I’ll also recommend three simple steps you can take on your own today to protect your wealth and profit in a rigged stock market – regardless of your specific definition of what “rigged” might be. And I’ll tell you about how taking a position in three “strike back” stocks can protect your portfolio and even help you turn the tables on the market manipulators.

Who else but Michael Lewis, right?

Absent the outrage surrounding Mr. Lewis’s much-ballyhooed 2014 bestseller, “Flash Boys,” we probably wouldn’t be having this conversation. Which is downright curious, given the long-lasting and firmly entrenched nature of the systemic injustice we’re about to discuss. But we’ve got to start somewhere, so why not with Mr. Lewis and his book.

You’ve got to admit: His character-driven narrative formula might be wearing thin, but Lewis does turn the pages. Moreover, despite a strangely myopic, overly simplistic, and arguably misguided obsession with the nefarious maneuvers of so-called high-frequency traders, he makes some valid points.

Lewis is correct, for example, when he points out that high-frequency-traders – along with dark pools and other shadowy exchanges – contribute unnecessary complexity and opacity to the global stock markets. Something that could come back to bite investors in a time of market crisis.

He’s also correct in that the rapid-fire execution and unrivaled visibility into order flow these “Flash Boys” enjoy practically guarantee this new breed of high-tech stock operators a very real advantage over other traders when it comes to eking out tiny profits on vast quantities of transactions – which frankly add up.

Likewise, when he argues that some of these trades might actually amount to illegal front running, thus skimming rightful profits from the accounts of other – mostly larger, institutional – traders. Again, over millions and millions of trade executions, these pilfered pennies too add up.

However, there are troubling drawbacks to Lewis’s obsession with pennies and half pennies – and more important, with the conclusions and remedies he seems to offer hardworking individual investors. We’ll discuss those just ahead, including what I consider to be a much more appropriate and profitable course of action that I hope you will consider. But first, let’s answer the question that’s the subject of this report: Is the stock market rigged?

Yes, the stock market has ALWAYS been rigged!

If you haven’t heard by now, a young Michael Lewis worked on Wall Street – for about a minute. I’ve been working on Wall Street in one capacity or another for more than 20 years – first as an analyst, then as a broker, and finally as head of my own Wall Street research firm. To some degree, this explains our perspectives.

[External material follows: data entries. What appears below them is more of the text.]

(* Let $3/2<s<3$ and $M\ge0$. There exists $C_s>0$ such that for every integer $N\ge1$ and every mean-zero divergence-free field $u$ on $\mathbb T^3$ with $\|u\|_{H^s}\le M$, and every orbit $\alpha\in\mathcal O_N$ with representative $k_\alpha$, \[ \sum_{\beta\in\mathcal O_N}|M_{\alpha\beta}(u)|\le C_sM^3\bigl(|k_\alpha|^{2-s}+|k_\alpha|^{6-3s}\bigr). \] Consequently \[ \sup_{\alpha\in\mathcal O_N}\sum_{\beta\in\mathcal O_N}|M_{\alpha\beta}(u)|\le\begin{cases}C_sM^3,&2<s<3,\\ C_sM^3N^{6-3s},&3/2<s\le2.\end{cases} \]
   Context: $\mathbb T^3=[0,2\pi]^3$; $u(x)=\sum_{k\ne0}\hat u_ke^{ik\cdot x}$, $\hat u_k\in\mathbb C^3$, divergence-free meaning $k\cdot\hat u_k=0$, reality $\hat u_{-k}=\overline{\hat u_k}$, and $\|u\|_{H^s}^2:=\sum_{k\ne0}|k|^{2s}|\hat u_k|^2$ ($|\cdot|$ Euclidean). $\Lambda_N:=\{k\in\mathbb Z^3\setminus\{0\}:|k|_\infty\le N\}$; $O_h$ is the group of 48 signed coordinate permutations, $\mathcal O_N:=\Lambda_N/O_h$, $|\alpha|$ the orbit cardinality. $P(k):=I-\frac{k\otimes k}{|k|^2}$; for $a,b\in\mathbb C^3$, $a\cdot b:=\sum_ja_jb_j$. \[ M_{\alpha\beta}(u):=\frac{1}{|\alpha|}\sum_{k\in\alpha}\sum_{\substack{p\in\beta\\ q=k-p\in\Lambda_N}}|k|^2\,\mathrm{Re}\Bigl(\overline{\hat u_k}\cdot\bigl[-iP(k)\bigl(q(\hat u_p\cdot\hat u_q)\bigr)\bigr]\Bigr). \] *)

theory Defs
  imports "HOL-Analysis.Analysis"
begin

text \<open>Lattice points of Z^3 are vectors of type int^3; Fourier coefficients are
  vectors of type complex^3.  A velocity field u on T^3 is represented by its
  Fourier coefficient map k |-> u_k.\<close>

type_synonym lat = "int ^ 3"
type_synonym coeffs = "int ^ 3 \<Rightarrow> complex ^ 3"

definition rvec :: "lat \<Rightarrow> real ^ 3" where
  "rvec k = (\<chi> i. real_of_int (k $ i))"

definition cvec :: "lat \<Rightarrow> complex ^ 3" where
  "cvec k = (\<chi> i. complex_of_int (k $ i))"

definition knorm :: "lat \<Rightarrow> real" where
  "knorm k = norm (rvec k)"

definition bdot :: "complex ^ 3 \<Rightarrow> complex ^ 3 \<Rightarrow> complex" where
  "bdot a b = (\<Sum>j\<in>UNIV. a $ j * b $ j)"

definition leray :: "lat \<Rightarrow> complex ^ 3 \<Rightarrow> complex ^ 3" where
  "leray k w = w - (bdot (cvec k) w / complex_of_real ((knorm k)\<^sup>2)) *s cvec k"

definition mean_zero_div_free_real :: "coeffs \<Rightarrow> bool" where
  "mean_zero_div_free_real u \<longleftrightarrow>
     u 0 = 0 \<and>
     (\<forall>k. bdot (cvec k) (u k) = 0) \<and>
     (\<forall>k. u (- k) = (\<chi> j. cnj (u k $ j)))"

definition Hs_term :: "real \<Rightarrow> coeffs \<Rightarrow> lat \<Rightarrow> real" where
  "Hs_term s u k = knorm k powr (2 * s) * (norm (u k))\<^sup>2"

definition in_Hs :: "real \<Rightarrow> coeffs \<Rightarrow> bool" where
  "in_Hs s u \<longleftrightarrow> Hs_term s u summable_on (UNIV - {0})"

definition Hs_norm :: "real \<Rightarrow> coeffs \<Rightarrow> real" where
  "Hs_norm s u = sqrt (infsum (Hs_term s u) (UNIV - {0}))"

definition Lambda :: "nat \<Rightarrow> lat set" where
  "Lambda N = {k. k \<noteq> 0 \<and> (\<forall>i. \<bar>k $ i\<bar> \<le> int N)}"

definition Oh :: "(lat \<Rightarrow> lat) set" where
  "Oh = {g. \<exists>\<sigma> \<epsilon>. \<sigma> permutes (UNIV :: 3 set) \<and> (\<forall>i. \<epsilon> i \<in> {-1, 1 :: int}) \<and>
              g = (\<lambda>k. \<chi> i. \<epsilon> i * k $ \<sigma> i)}"

definition orbit :: "lat \<Rightarrow> lat set" where
  "orbit k = {g k | g. g \<in> Oh}"

definition Orbits :: "nat \<Rightarrow> lat set set" where
  "Orbits N = orbit ` Lambda N"

definition Mab :: "nat \<Rightarrow> coeffs \<Rightarrow> lat set \<Rightarrow> lat set \<Rightarrow> real" where
  "Mab N u \<alpha> \<beta> = (1 / real (card \<alpha>)) *
     (\<Sum>k\<in>\<alpha>. \<Sum>p\<in>{p \<in> \<beta>. k - p \<in> Lambda N}.
        (knorm k)\<^sup>2 *
        Re (bdot (\<chi> j. cnj (u k $ j))
                 (- \<i> *s leray k (bdot (u p) (u (k - p)) *s cvec (k - p)))))"

end

theory Submission
  imports Defs
begin

(* In fact sum_beta |M_ab(u)| <= ||u||_{H^s}^3 |k_a|^(2-s) for every s >= 1, which gives both
   bounds.  Since u_k is orthogonal to k, the Leray projector P(k) can be dropped against
   conj(u_k), so each triad term is at most |k|^2 |u_k| |u_p| |k-p| |u_(k-p)|.  Distinct
   orbits are disjoint, so summing over beta merges the sums over p in beta into one lattice
   sum; by AM-GM it is at most (||u||_{L^2}^2 + ||u||_{H^1}^2) / 2 <= ||u||_{H^s}^2.  Finally
   |k|^2 |u_k| <= |k|^(2-s) ||u||_{H^s}, and |k| <= 3N on Lambda_N controls the supremum. *)

lemma Oh_id: "(\<lambda>k. k) \<in> Oh"
  unfolding Oh_def
  by (intro CollectI exI[of _ id] exI[of _ "\<lambda>_. 1"]) (auto simp: permutes_id vec_eq_iff)

lemma OhE:
  assumes "g \<in> Oh"
  obtains \<sigma> \<epsilon> where "\<sigma> permutes (UNIV :: 3 set)" "\<And>i. \<epsilon> i \<in> {-1, 1 :: int}"
    "g = (\<lambda>k. \<chi> i. \<epsilon> i * k $ \<sigma> i)"
  using assms unfolding Oh_def by blast

lemma Oh_comp:
  assumes "g \<in> Oh" "h \<in> Oh"
  shows "g \<circ> h \<in> Oh"
proof -
  obtain \<sigma> \<epsilon> where g: "\<sigma> permutes UNIV" "\<And>i. \<epsilon> i \<in> {-1, 1 :: int}"
    "g = (\<lambda>k. \<chi> i. \<epsilon> i * k $ \<sigma> i)" using assms(1) by (rule OhE) blast
  obtain \<tau> \<delta> where h: "\<tau> permutes UNIV" "\<And>i. \<delta> i \<in> {-1, 1 :: int}"
    "h = (\<lambda>k. \<chi> i. \<delta> i * k $ \<tau> i)" using assms(2) by (rule OhE) blast
  have "g \<circ> h = (\<lambda>k. \<chi> i. (\<epsilon> i * \<delta> (\<sigma> i)) * k $ (\<tau> \<circ> \<sigma>) i)"
    by (simp add: g(3) h(3) comp_def mult.assoc)
  moreover have "\<epsilon> i * \<delta> (\<sigma> i) \<in> {-1, 1}" for i
    using g(2)[of i] h(2)[of "\<sigma> i"] by auto
  ultimately show ?thesis
    unfolding Oh_def using permutes_compose[OF g(1) h(1)]
    by (intro CollectI exI[of _ "\<tau> \<circ> \<sigma>"] exI[of _ "\<lambda>i. \<epsilon> i * \<delta> (\<sigma> i)"]) blast
qed
lemma mkz_b_eq:
  assumes "1 \<le> n"
  shows "mkz_b p q n k u = p ^ (2 * k) * qbinom r (Suc n) k * u ^ k * qpoch_at r u n"
proof -
  have e: "n + k + 1 = Suc n + k"
    by simp
  have e2: "Suc n * k = k * (n - 1) + 2 * k"
    using assms by (cases n) (auto simp: algebra_simps)
  have "mkz_b p q n k u
      = 1 / p ^ (k * (n - 1) + (n choose 2)) * (p ^ (Suc n * k) * qbinom r (Suc n) k) * u ^ k
        * (p ^ (n choose 2) * qpoch_at r u n)"
    unfolding mkz_b_def e pq_binom_eq pq_pow_eq choose_two[symmetric] by simp
  also have "\<dots> = p ^ (2 * k) * qbinom r (Suc n) k * u ^ k * qpoch_at r u n"
    unfolding e2 power_add using p_pos by (simp add: field_simps)
  finally show ?thesis .
qed

text \<open>The (p,q)-integral samples at the points \<open>q\<^sup>j/p\<^sup>j\<^sup>+\<^sup>1 = r\<^sup>j/p\<close>, so it becomes the
  series of \<open>q_beta_sums\<close>.\<close>

lemma pq_integral_mkz_b_power:
  assumes n: "1 \<le> n"
  shows "pq_integral p q (\<lambda>t. mkz_b p q n k (q * t) * t ^ s) 1
    = (p - q) * (p ^ (2 * k) * qbinom r (Suc n) k * r ^ k / p ^ (s + 1))
        * (qpoch r 1 n / qpoch r (Suc (k + s)) (Suc n))"
proof -
  define C where "C = p ^ (2 * k) * qbinom r (Suc n) k * r ^ k / p ^ (s + 1)"
  have "q ^ j / p ^ (j + 1) * (mkz_b p q n k (q * (q ^ j / p ^ (j + 1))) * (q ^ j / p ^ (j + 1)) ^ s)
      = C * (r ^ (j * Suc (k + s)) * qpoch r (Suc j) n)" for j
  proof -
    have node: "q ^ j / p ^ (j + 1) = r ^ j / p" and arg: "q * (r ^ j / p) = r ^ Suc j"
      using p_pos by (simp_all add: r_def power_divide)
    show ?thesis
      unfolding node arg mkz_b_eq[OF n] qpoch_at_power C_def
      using p_pos by (simp add: power_mult_distrib power_add power_mult[symmetric] field_simps)
  qed
  moreover have "(\<lambda>j. C * (r ^ (j * Suc (k + s)) * qpoch r (Suc j) n))
      sums (C * (qpoch r 1 n / qpoch r (Suc (k + s)) (Suc n)))"
    by (intro sums_mult q_beta_sums) simp
  ultimately show ?thesis
    unfolding pq_integral_def C_def by (simp add: sums_iff)
qed

lemma mkz_durrmeyer_term_eq:
  assumes n: "1 \<le> n"
  shows "mkz_m p q n k x * (p * q) powi (- int k) * pq_integral p q (\<lambda>t. mkz_b p q n k (q * t) * t ^ s) 1
    = mkz_basis r n k x * mkz_moment_factor r n s k / (qint r (Suc n) * p ^ s)"
proof -
  define P Q where "P = (p * q) powi (- int k) * ((p - q) * (p ^ (2 * k) * r ^ k / p ^ (s + 1)))"
    and "Q = qbinom r (Suc n) k * (qpoch r 1 n / qpoch r (Suc (k + s)) (Suc n))"
  have P: "P = (1 - r) / p ^ s"
    unfolding P_def power_int_minus power_int_of_nat q_eq mult_2 power_add
    using p_pos r_pos by (simp add: power_mult_distrib power_add field_simps)
  have Q: "(1 - r) * Q = mkz_moment_factor r n s k / qint r (Suc n)"
    using mkz_moment_factor_eq[of n k s] qint_pos[of "Suc n"] by (simp add: Q_def field_simps)
  have "mkz_m p q n k x * (p * q) powi (- int k) * pq_integral p q (\<lambda>t. mkz_b p q n k (q * t) * t ^ s) 1
      = mkz_basis r n k x * P * Q"
    unfolding pq_integral_mkz_b_power[OF n] mkz_m_eq P_def Q_def by (simp add: divide_inverse ac_simps)
  also have "\<dots> = mkz_basis r n k x * ((1 - r) * Q) / p ^ s"
    unfolding P by simp
  finally show ?thesis
    unfolding Q by simp
qed

lemma mkz_durrmeyer_power_eq:
  assumes n: "1 \<le> n" and x: "0 \<le> x" "x < 1"
  shows "mkz_durrmeyer p q n (\<lambda>t. t ^ s) x
    = (\<Sum>k. mkz_basis r n k x * mkz_moment_factor r n s k) / p ^ s"
proof -
  interpret mkz_point r x
    using x by unfold_locales
  define V where "V = (\<Sum>k. mkz_basis r n k x * mkz_moment_factor r n s k)"
  have qn: "0 < qint r (Suc n)"
    by (simp add: qint_pos)
  have "(\<lambda>k. mkz_basis r n k x * mkz_moment_factor r n s k / (qint r (Suc n) * p ^ s))
      sums (V / (qint r (Suc n) * p ^ s))"
    unfolding V_def by (intro sums_divide summable_sums summable_mkz_moment)
  then have "(\<Sum>k. mkz_m p q n k x * (p * q) powi (- int k)
        * pq_integral p q (\<lambda>t. mkz_b p q n k (q * t) * t ^ s) 1) = V / (qint r (Suc n) * p ^ s)"
    unfolding mkz_durrmeyer_term_eq[OF n] by (simp add: sums_iff)
  moreover have "pq_int p q (n + 1) / p ^ n = qint r (Suc n)"
    using p_pos by (simp add: pq_int_eq)
  ultimately show ?thesis
    unfolding mkz_durrmeyer_def V_def[symmetric] using x qn by simp
qed

lemma pq_int_pos: "0 < n \<Longrightarrow> 0 < pq_int p q n"
  using p_pos qint_pos by (simp add: pq_int_eq)

lemma q_power_le_p_power: "q ^ k \<le> p ^ k"
  using q_pos q_less_p by (intro power_mono) auto

lemma mkz_durrmeyer_const:
  assumes "1 \<le> n" "0 \<le> x" "x \<le> 1"
  shows "mkz_durrmeyer p q n (\<lambda>t. 1) x = 1"
proof (cases "x = 1")
  case False
  then interpret mkz_point r x
    using assms by unfold_locales auto
  show ?thesis
    using mkz_durrmeyer_power_eq[OF assms(1,2), of 0] False assms(3) sums_mkz_basis by (simp add: sums_iff)
qed (simp add: mkz_durrmeyer_def)

lemma mkz_durrmeyer_id_le_below_1:
  assumes "0 \<le> x" "x < 1"
  shows "mkz_durrmeyer p q (Suc m) (\<lambda>t. t) x
    \<le> x / q + (p ^ Suc m - q ^ Suc m * x) / (q\<^sup>2 * pq_int p q (Suc m))"
proof -
  interpret mkz_point r x
    using assms by unfold_locales
  have "mkz_durrmeyer p q (Suc m) (\<lambda>t. t) x
      = (\<Sum>k. mkz_basis r (Suc m) k x * mkz_moment_factor r (Suc m) 1 k) / p"
    using mkz_durrmeyer_power_eq[OF _ assms, of "Suc m" 1] by simp
  also have "\<dots> \<le> (1 / r * x + 1 / r\<^sup>2 * ((1 - r ^ Suc m * x) / qint r (Suc m))) / p"
    using mkz_moment1_le p_pos by (intro divide_right_mono) auto
  also have "\<dots> = x / q + (p ^ Suc m - q ^ Suc m * x) / (q\<^sup>2 * pq_int p q (Suc m))"
    unfolding pq_int_eq unfolding q_eq using p_pos r_pos qint_pos[of "Suc m"]
    by (simp add: power_mult_distrib field_simps power2_eq_square)
  finally show ?thesis .
qed

lemma mkz_durrmeyer_square_le_below_1:
  assumes "0 \<le> x" "x < 1"
  shows "mkz_durrmeyer p q (Suc (Suc m)) (\<lambda>t. t\<^sup>2) x
    \<le> x\<^sup>2 / q\<^sup>2 + (p + q)\<^sup>2 / q ^ 5 * ((p ^ Suc (Suc m) - q ^ Suc (Suc m) * x) / pq_int p q (Suc (Suc m))) * x
      + p * (p + q) / q ^ 6 * ((p ^ Suc (Suc m) - q ^ Suc (Suc m) * x) * (p ^ Suc m - q ^ Suc m * x))
          / (pq_int p q (Suc (Suc m)) * pq_int p q (Suc m))"
proof -
  interpret mkz_point r x
    using assms by unfold_locales
  have "mkz_durrmeyer p q (Suc (Suc m)) (\<lambda>t. t\<^sup>2) x
      = (\<Sum>k. mkz_basis r (Suc (Suc m)) k x * mkz_moment_factor r (Suc (Suc m)) 2 k) / p\<^sup>2"
    using mkz_durrmeyer_power_eq[OF _ assms, of "Suc (Suc m)" 2] by simp
  also have "\<dots> \<le> ((1 + r) / r ^ 6 * ((1 - r ^ Suc m * x) * (1 - r ^ Suc (Suc m) * x)
            / (qint r (Suc (Suc m)) * qint r (Suc m)))
       + (r + 2 * r\<^sup>2 + r ^ 3) / r ^ 6 * (x * ((1 - r ^ Suc (Suc m) * x) / qint r (Suc (Suc m))))
       + 1 / r\<^sup>2 * (x * x)) / p\<^sup>2"
    using mkz_moment2_le p_pos by (intro divide_right_mono) auto
  also have "\<dots> = x\<^sup>2 / q\<^sup>2 + (p + q)\<^sup>2 / q ^ 5 * ((p ^ Suc (Suc m) - q ^ Suc (Suc m) * x) / pq_int p q (Suc (Suc m))) * x
      + p * (p + q) / q ^ 6 * ((p ^ Suc (Suc m) - q ^ Suc (Suc m) * x) * (p ^ Suc m - q ^ Suc m * x))
          / (pq_int p q (Suc (Suc m)) * pq_int p q (Suc m))"
    unfolding pq_int_eq unfolding q_eq using p_pos r_pos qint_pos[of "Suc m"] qint_pos[of "Suc (Suc m)"]
    by (simp add: power_mult_distrib field_simps power2_eq_square eval_nat_numeral)
  finally show ?thesis .
qed

end

section \<open>The estimates for \<open>p \<le> 1\<close>\<close>

locale pq_unit = pq_scaling +
  assumes p_le_1: "p \<le> 1"
begin

lemma q_less_1: "q < 1"
  using q_less_p p_le_1 by simp

lemma one_minus_q_mult_pq_int_le: "(1 - q) * pq_int p q n \<le> 1"
proof (induction n)
  case (Suc n)
  have "(1 - q) * pq_int p q (Suc n) = (1 - q) * p ^ n + q * ((1 - q) * pq_int p q n)"
    using q_less_p by (simp add: pq_int_Suc algebra_simps)
  also have "\<dots> \<le> (1 - q) * 1 + q * 1"
    using Suc q_pos q_less_1 p_pos p_le_1 by (intro add_mono mult_left_mono power_le_one) auto
  finally show ?case
    by simp
qed (simp add: pq_int_def)

lemma one_minus_p_mult_pq_int_le: "(1 - p) * pq_int p q (Suc m) \<le> 1 + q - (p + q) * p ^ m"
proof (induction m)
  case 0
  then show ?case
    using q_less_p by (simp add: pq_int_def)
next
  case (Suc m)
  have "1 + q - (p + q) * p ^ Suc m - (1 - p) * pq_int p q (Suc (Suc m))
      = p * (1 + q - (p + q) * p ^ m - (1 - p) * pq_int p q (Suc m)) + (1 - p) * (1 + q - q ^ Suc m)"
    using q_less_p unfolding pq_int_Suc[of p q "Suc m"] pq_int_def by (simp add: field_simps)
  moreover have "0 \<le> p * (1 + q - (p + q) * p ^ m - (1 - p) * pq_int p q (Suc m))"
    using Suc p_pos by simp
  moreover have "q ^ Suc m \<le> q"
    using q_pos q_less_1 by (simp add: mult_left_le power_le_one)
  then have "0 \<le> (1 - p) * (1 + q - q ^ Suc m)"
    using p_le_1 q_pos by (intro mult_nonneg_nonneg) linarith+
  ultimately show ?case
    by linarith
qed

lemma mkz_durrmeyer_id_ge_below_1:
  assumes x: "0 \<le> x" "x < 1"
  shows "x / q\<^sup>2 * (1 - (q + 1) / pq_int p q (Suc m)) \<le> mkz_durrmeyer p q (Suc m) (\<lambda>t. t) x"
proof -
  interpret mkz_point r x
    using x by unfold_locales
  define Q where "Q = qint r (Suc m)"
  have "x * (1 - r ^ Suc m * x) \<le> x * 1"
    using r_pos x by (intro mult_left_mono) auto
  moreover have "0 < Q"
    by (simp add: Q_def qint_pos)
  ultimately have Q: "0 < Q" "x * (1 - r ^ Suc m * x) / Q \<le> x / Q"
    by (simp_all add: divide_right_mono)
  define F where "F = 1 + r * p - (p + r * p) * p ^ m - (1 - p) * (p ^ m * Q)"
  have "0 \<le> F"
    using one_minus_p_mult_pq_int_le[of m, unfolded pq_int_eq, unfolded q_eq] by (simp add: F_def Q_def)
  then have "0 \<le> x / (r * p)\<^sup>2 * (F / (p ^ m * Q))"
    using x p_pos Q by simp
  moreover have "(x / r\<^sup>2 - (1 + r) / r\<^sup>2 * (x / Q)) / p - x / (r * p)\<^sup>2 * (1 - (r * p + 1) / (p ^ m * Q))
      = x / (r * p)\<^sup>2 * (F / (p ^ m * Q))"
    unfolding F_def using p_pos r_pos Q by (simp add: field_simps power2_eq_square)
  ultimately have "x / q\<^sup>2 * (1 - (q + 1) / pq_int p q (Suc m)) \<le> (x / r\<^sup>2 - (1 + r) / r\<^sup>2 * (x / Q)) / p"
    unfolding pq_int_eq Q_def[symmetric] unfolding q_eq by simp
  also have "\<dots> \<le> (x / r\<^sup>2 - (1 + r) / r\<^sup>2 * (x * ((1 - r ^ Suc m * x) / Q))) / p"
    using Q r_pos p_pos by (intro divide_right_mono diff_left_mono mult_left_mono) auto
  also have "\<dots> \<le> (\<Sum>k. mkz_basis r (Suc m) k x * mkz_moment_factor r (Suc m) 1 k) / p"
    using mkz_moment1_ge p_pos unfolding Q_def by (intro divide_right_mono) auto
  also have "\<dots> = mkz_durrmeyer p q (Suc m) (\<lambda>t. t) x"
    using mkz_durrmeyer_power_eq[OF _ x, of "Suc m" 1] by simp
  finally show ?thesis .
qed

lemma mkz_durrmeyer_id_le:
  assumes "1 \<le> n" "0 \<le> x" "x \<le> 1"
  shows "mkz_durrmeyer p q n (\<lambda>t. t) x \<le> x / q + (p ^ n - q ^ n * x) / (q\<^sup>2 * pq_int p q n)"
proof -
  obtain m where n: "n = Suc m"
    using assms(1) by (cases n) auto
  show ?thesis
  proof (cases "x = 1")
    case True
    have "0 \<le> (p ^ n - q ^ n) / (q\<^sup>2 * pq_int p q n)"
      using q_pos q_power_le_p_power[of n] pq_int_pos[of n] n by (intro divide_nonneg_pos) auto
    moreover have "1 \<le> 1 / q"
      using q_pos q_less_1 by simp
    ultimately show ?thesis
      using True by (simp add: mkz_durrmeyer_def)
  next
    case False
    then show ?thesis
      using mkz_durrmeyer_id_le_below_1[of x m] assms n by simp
  qed
qed

lemma mkz_durrmeyer_id_ge:
  assumes "1 \<le> n" "0 \<le> x" "x \<le> 1"
  shows "x / q\<^sup>2 * (1 - (q + 1) / pq_int p q n) \<le> mkz_durrmeyer p q n (\<lambda>t. t) x"
proof -
  obtain m where n: "n = Suc m"
    using assms(1) by (cases n) auto
  show ?thesis
  proof (cases "x = 1")
    case True
    have "(q + 1) * (1 - q) \<le> (q + 1) * (1 / pq_int p q n)"
      using one_minus_q_mult_pq_int_le[of n] pq_int_pos[of n] n q_pos
      by (intro mult_left_mono) (simp_all add: le_divide_eq mult.commute)
    then have "1 / q\<^sup>2 * (1 - (q + 1) / pq_int p q n) \<le> 1 / q\<^sup>2 * q\<^sup>2"
      using q_pos by (intro mult_left_mono) (simp_all add: algebra_simps power2_eq_square)
    then show ?thesis
      using True q_pos by (simp add: mkz_durrmeyer_def)
  next
    case False
    then show ?thesis
      using mkz_durrmeyer_id_ge_below_1[of x m] assms n by simp
  qed
qed

lemma mkz_durrmeyer_square_le:
  assumes "2 \<le> n" "0 \<le> x" "x \<le> 1"
  shows "mkz_durrmeyer p q n (\<lambda>t. t\<^sup>2) x
    \<le> x\<^sup>2 / q\<^sup>2 + (p + q)\<^sup>2 / q ^ 5 * ((p ^ n - q ^ n * x) / pq_int p q n) * x
      + p * (p + q) / q ^ 6 * ((p ^ n - q ^ n * x) * (p ^ (n - 1) - q ^ (n - 1) * x))
          / (pq_int p q n * pq_int p q (n - 1))"
proof -
  obtain m where n: "n = Suc (Suc m)"
    using assms(1) by (cases n; cases "n - 1") auto
  show ?thesis
  proof (cases "x = 1")
    case True
    have "0 \<le> (p + q)\<^sup>2 / q ^ 5 * ((p ^ n - q ^ n) / pq_int p q n)"
      "0 \<le> p * (p + q) / q ^ 6 * ((p ^ n - q ^ n) * (p ^ (n - 1) - q ^ (n - 1)))
          / (pq_int p q n * pq_int p q (n - 1))"
      using q_pos p_pos q_power_le_p_power[of n] q_power_le_p_power[of "n - 1"]
        pq_int_pos[of n] pq_int_pos[of "n - 1"] n
      by (intro divide_nonneg_pos mult_nonneg_nonneg mult_pos_pos; simp)+
    moreover have "1 \<le> 1 / q\<^sup>2"
      using q_pos q_less_1 by (simp add: power_le_one)
    ultimately show ?thesis
      using True by (simp add: mkz_durrmeyer_def)
  next
    case False
    then show ?thesis
      using mkz_durrmeyer_square_le_below_1[of x m] assms n by simp
  qed
qed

Mr. Lewis, after all, is in the business of selling books, which he does quite well. My stated goal is to help investors like you make money. Period. Among other things, that means telling you the whole truth. Even if it entails pulling back the curtain and letting you in on a few tough lessons and “secrets” I picked up over my two decades in the business.

Beginning with the Wall Street “secret” that the stock market is rigged – and always has been. If you’re not convinced, let me quickly run through a few examples of why I say so, though the list is far from comprehensive. Then I’ll tell you what I think really matters to you and your loved ones, and what you can safely ignore – plus exactly what you should do to right the wrong. So let’s begin at the beginning…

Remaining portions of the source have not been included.